What the task requires
Each line of the listing below that includes "cases" should be reported.

START The records

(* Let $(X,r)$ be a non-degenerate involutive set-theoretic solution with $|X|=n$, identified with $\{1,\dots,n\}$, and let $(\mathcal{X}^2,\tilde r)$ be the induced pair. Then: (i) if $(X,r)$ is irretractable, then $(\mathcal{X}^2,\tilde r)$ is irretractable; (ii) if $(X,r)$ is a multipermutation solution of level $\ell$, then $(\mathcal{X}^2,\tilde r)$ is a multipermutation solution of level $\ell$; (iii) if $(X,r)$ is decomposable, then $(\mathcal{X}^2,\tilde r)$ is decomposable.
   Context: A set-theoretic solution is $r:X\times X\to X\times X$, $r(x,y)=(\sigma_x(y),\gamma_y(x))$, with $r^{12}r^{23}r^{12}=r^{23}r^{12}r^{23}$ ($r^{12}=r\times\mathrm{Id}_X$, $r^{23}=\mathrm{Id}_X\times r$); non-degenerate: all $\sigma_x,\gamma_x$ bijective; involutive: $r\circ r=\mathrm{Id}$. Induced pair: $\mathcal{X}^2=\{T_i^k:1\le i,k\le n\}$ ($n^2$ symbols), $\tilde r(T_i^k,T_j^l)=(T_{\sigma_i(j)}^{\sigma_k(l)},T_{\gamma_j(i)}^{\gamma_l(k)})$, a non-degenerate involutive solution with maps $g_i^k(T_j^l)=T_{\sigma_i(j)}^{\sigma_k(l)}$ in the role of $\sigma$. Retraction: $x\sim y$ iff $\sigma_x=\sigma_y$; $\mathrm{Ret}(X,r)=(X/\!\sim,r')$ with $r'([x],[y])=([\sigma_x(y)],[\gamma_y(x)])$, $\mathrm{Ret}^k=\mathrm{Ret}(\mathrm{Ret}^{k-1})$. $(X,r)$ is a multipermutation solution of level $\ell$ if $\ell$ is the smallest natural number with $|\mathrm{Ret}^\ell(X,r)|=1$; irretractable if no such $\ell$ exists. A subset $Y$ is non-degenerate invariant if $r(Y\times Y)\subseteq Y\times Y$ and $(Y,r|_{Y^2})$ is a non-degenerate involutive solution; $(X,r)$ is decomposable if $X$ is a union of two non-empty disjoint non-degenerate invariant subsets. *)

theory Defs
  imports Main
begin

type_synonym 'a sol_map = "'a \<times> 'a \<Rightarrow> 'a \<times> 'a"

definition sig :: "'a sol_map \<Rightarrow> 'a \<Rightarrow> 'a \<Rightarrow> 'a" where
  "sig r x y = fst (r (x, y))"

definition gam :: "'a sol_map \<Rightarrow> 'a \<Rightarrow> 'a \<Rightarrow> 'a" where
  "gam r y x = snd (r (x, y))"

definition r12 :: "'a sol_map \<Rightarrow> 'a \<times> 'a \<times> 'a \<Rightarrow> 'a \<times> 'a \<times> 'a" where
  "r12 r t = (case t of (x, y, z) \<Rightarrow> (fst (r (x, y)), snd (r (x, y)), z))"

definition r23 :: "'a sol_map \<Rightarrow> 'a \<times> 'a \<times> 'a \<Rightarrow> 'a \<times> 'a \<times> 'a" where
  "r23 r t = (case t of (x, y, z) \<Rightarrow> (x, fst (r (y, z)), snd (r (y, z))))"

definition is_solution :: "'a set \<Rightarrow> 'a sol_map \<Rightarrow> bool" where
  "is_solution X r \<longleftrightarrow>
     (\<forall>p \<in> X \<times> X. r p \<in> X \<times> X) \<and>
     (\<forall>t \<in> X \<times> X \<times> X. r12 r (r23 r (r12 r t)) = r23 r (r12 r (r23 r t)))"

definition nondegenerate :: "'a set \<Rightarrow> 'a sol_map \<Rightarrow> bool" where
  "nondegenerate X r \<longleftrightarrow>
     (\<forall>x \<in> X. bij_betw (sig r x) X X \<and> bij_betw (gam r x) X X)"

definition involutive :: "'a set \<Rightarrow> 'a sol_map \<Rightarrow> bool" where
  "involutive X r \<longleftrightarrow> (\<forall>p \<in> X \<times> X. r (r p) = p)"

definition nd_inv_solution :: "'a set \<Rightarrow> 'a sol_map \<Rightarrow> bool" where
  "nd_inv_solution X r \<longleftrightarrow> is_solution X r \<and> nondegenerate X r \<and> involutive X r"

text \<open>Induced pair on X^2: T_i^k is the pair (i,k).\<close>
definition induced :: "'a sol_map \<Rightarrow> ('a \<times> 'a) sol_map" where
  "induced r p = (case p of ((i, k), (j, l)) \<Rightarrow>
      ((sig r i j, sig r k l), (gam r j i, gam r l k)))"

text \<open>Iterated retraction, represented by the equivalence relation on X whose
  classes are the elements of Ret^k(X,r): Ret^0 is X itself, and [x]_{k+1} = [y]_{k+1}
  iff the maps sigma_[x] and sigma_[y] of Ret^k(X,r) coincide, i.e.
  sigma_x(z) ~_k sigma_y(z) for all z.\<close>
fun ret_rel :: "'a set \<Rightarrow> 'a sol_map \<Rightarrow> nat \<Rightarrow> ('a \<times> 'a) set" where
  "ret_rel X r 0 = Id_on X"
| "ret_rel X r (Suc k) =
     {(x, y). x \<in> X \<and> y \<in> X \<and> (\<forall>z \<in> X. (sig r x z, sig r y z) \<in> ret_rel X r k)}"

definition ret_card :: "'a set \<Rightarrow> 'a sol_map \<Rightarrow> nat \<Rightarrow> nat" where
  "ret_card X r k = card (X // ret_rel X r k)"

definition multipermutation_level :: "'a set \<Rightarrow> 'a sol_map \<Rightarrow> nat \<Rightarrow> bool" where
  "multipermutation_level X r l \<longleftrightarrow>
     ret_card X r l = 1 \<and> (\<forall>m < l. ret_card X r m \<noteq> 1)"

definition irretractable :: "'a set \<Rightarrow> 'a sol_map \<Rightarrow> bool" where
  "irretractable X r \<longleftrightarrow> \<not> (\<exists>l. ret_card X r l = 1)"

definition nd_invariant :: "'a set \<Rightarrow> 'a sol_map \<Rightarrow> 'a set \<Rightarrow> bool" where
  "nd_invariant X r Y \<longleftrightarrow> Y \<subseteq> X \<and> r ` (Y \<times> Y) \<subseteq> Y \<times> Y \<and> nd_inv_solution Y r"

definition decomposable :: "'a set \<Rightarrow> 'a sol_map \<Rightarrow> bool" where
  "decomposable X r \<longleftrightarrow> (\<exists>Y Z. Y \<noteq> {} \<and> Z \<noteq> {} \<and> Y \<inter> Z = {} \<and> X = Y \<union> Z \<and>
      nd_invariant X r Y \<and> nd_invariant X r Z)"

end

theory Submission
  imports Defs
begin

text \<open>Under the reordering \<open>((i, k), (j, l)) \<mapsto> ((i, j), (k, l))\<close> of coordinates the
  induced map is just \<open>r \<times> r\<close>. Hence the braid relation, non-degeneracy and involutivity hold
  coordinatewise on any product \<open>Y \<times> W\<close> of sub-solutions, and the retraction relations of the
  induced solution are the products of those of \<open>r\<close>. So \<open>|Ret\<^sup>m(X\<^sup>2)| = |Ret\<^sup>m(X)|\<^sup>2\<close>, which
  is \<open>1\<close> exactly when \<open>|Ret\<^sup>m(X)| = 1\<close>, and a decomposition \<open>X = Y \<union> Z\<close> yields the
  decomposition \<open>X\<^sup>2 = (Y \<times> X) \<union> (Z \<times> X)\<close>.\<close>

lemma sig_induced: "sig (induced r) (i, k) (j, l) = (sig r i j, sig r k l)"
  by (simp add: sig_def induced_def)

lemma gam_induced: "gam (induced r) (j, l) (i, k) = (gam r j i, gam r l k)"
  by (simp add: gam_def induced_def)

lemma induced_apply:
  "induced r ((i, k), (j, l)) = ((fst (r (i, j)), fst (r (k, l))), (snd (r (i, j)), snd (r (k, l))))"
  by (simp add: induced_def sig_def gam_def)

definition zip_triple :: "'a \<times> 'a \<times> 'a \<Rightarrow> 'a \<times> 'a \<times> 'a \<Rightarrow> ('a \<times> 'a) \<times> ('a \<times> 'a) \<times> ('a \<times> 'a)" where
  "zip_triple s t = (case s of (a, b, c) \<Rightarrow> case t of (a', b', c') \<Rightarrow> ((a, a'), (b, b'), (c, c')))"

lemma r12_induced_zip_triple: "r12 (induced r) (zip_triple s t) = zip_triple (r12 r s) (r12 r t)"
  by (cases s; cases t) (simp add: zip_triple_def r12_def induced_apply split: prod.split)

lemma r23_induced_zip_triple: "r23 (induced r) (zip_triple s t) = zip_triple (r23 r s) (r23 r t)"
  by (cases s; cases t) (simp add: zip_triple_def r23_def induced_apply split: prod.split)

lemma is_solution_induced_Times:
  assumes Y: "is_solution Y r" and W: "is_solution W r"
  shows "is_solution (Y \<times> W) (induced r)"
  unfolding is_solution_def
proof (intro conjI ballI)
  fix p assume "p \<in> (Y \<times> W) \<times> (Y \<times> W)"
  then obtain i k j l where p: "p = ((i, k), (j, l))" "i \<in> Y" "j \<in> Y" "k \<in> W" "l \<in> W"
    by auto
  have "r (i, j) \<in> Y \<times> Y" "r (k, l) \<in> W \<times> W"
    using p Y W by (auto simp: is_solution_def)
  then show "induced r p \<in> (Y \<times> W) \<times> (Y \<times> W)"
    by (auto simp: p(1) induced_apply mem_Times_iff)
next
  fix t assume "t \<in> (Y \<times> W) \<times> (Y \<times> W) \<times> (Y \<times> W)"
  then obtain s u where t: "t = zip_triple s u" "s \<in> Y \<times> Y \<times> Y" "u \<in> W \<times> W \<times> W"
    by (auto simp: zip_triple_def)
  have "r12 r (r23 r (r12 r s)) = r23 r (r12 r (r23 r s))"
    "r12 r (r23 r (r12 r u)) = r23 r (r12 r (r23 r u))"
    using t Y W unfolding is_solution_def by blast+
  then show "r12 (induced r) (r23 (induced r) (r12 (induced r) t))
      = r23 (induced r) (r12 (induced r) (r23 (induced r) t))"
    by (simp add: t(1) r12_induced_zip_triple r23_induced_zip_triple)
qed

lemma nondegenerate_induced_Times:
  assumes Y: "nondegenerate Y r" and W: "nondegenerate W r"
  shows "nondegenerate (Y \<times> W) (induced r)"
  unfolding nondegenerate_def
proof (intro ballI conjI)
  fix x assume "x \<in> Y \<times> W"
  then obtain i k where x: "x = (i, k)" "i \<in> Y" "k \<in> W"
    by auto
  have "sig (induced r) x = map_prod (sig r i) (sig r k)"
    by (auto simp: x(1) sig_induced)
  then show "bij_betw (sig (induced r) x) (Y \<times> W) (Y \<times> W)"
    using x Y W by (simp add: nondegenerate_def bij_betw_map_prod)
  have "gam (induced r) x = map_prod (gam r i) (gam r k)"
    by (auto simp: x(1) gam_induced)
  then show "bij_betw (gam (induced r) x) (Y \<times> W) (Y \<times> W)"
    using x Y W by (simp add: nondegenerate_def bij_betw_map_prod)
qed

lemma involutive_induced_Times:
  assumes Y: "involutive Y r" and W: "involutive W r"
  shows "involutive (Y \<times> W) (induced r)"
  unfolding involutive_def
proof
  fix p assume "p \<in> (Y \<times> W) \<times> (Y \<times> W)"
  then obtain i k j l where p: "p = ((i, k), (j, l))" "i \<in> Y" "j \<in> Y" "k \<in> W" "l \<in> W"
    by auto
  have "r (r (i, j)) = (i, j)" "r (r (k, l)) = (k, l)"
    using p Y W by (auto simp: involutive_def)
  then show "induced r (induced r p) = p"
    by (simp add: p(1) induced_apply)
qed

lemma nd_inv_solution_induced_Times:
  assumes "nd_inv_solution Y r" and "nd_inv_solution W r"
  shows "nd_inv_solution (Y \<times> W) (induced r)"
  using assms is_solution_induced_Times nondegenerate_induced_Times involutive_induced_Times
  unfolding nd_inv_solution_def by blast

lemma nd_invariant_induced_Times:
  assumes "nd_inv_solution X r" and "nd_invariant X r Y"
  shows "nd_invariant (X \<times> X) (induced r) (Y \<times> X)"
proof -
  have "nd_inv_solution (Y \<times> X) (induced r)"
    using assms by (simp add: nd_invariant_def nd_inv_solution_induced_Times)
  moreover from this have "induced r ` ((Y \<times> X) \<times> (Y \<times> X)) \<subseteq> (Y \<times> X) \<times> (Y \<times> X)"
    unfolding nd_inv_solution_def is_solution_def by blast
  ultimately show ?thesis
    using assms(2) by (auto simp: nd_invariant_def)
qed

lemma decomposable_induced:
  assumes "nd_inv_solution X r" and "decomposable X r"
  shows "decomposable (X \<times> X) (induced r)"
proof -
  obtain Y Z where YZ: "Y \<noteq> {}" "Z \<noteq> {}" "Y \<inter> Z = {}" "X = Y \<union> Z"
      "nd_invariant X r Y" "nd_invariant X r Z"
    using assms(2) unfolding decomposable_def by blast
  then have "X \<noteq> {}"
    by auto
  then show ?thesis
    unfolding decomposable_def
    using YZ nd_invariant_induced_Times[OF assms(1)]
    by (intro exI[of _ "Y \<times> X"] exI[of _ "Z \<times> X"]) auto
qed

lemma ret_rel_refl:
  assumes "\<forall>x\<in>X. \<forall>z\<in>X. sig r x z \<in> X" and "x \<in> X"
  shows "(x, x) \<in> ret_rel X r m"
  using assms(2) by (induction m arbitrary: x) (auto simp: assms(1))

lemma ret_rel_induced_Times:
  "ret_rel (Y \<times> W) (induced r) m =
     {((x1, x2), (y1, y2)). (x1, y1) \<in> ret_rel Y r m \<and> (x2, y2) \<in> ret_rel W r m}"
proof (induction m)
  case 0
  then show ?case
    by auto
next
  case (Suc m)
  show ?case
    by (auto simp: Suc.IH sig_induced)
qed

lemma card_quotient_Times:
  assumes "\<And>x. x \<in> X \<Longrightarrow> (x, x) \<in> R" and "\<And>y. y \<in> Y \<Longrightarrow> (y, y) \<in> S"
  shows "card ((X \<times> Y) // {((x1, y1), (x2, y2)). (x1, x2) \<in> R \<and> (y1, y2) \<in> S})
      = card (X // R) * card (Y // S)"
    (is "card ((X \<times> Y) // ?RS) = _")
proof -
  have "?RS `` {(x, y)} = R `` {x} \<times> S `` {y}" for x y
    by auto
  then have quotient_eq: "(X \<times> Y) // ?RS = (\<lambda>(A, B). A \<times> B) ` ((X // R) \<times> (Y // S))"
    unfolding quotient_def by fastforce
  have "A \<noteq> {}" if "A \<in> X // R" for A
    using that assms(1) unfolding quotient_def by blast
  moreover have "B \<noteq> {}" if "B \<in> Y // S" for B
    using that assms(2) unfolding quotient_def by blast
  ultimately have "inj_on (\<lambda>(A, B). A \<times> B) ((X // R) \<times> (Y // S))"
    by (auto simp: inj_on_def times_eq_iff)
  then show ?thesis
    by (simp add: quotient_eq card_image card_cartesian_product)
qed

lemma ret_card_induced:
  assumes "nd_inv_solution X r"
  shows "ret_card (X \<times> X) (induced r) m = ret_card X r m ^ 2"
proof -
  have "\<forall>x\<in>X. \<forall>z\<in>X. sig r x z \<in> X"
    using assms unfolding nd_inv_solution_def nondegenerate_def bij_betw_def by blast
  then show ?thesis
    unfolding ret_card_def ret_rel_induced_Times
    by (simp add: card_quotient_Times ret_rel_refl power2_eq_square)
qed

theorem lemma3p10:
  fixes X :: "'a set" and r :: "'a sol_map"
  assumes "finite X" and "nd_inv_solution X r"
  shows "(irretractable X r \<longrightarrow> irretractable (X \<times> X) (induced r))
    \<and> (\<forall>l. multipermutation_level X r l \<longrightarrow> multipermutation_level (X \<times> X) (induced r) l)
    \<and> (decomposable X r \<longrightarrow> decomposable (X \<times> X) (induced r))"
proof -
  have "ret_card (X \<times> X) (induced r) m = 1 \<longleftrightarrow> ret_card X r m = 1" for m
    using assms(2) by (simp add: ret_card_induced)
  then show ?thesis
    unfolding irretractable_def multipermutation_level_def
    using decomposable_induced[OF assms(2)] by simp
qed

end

END The records

Answer to this task
  by (cases s; cases t) (simp add: zip_triple_def r12_def induced_apply split: prod.split)
  by (cases s; cases t) (simp add: zip_triple_def r23_def induced_apply split: prod.split)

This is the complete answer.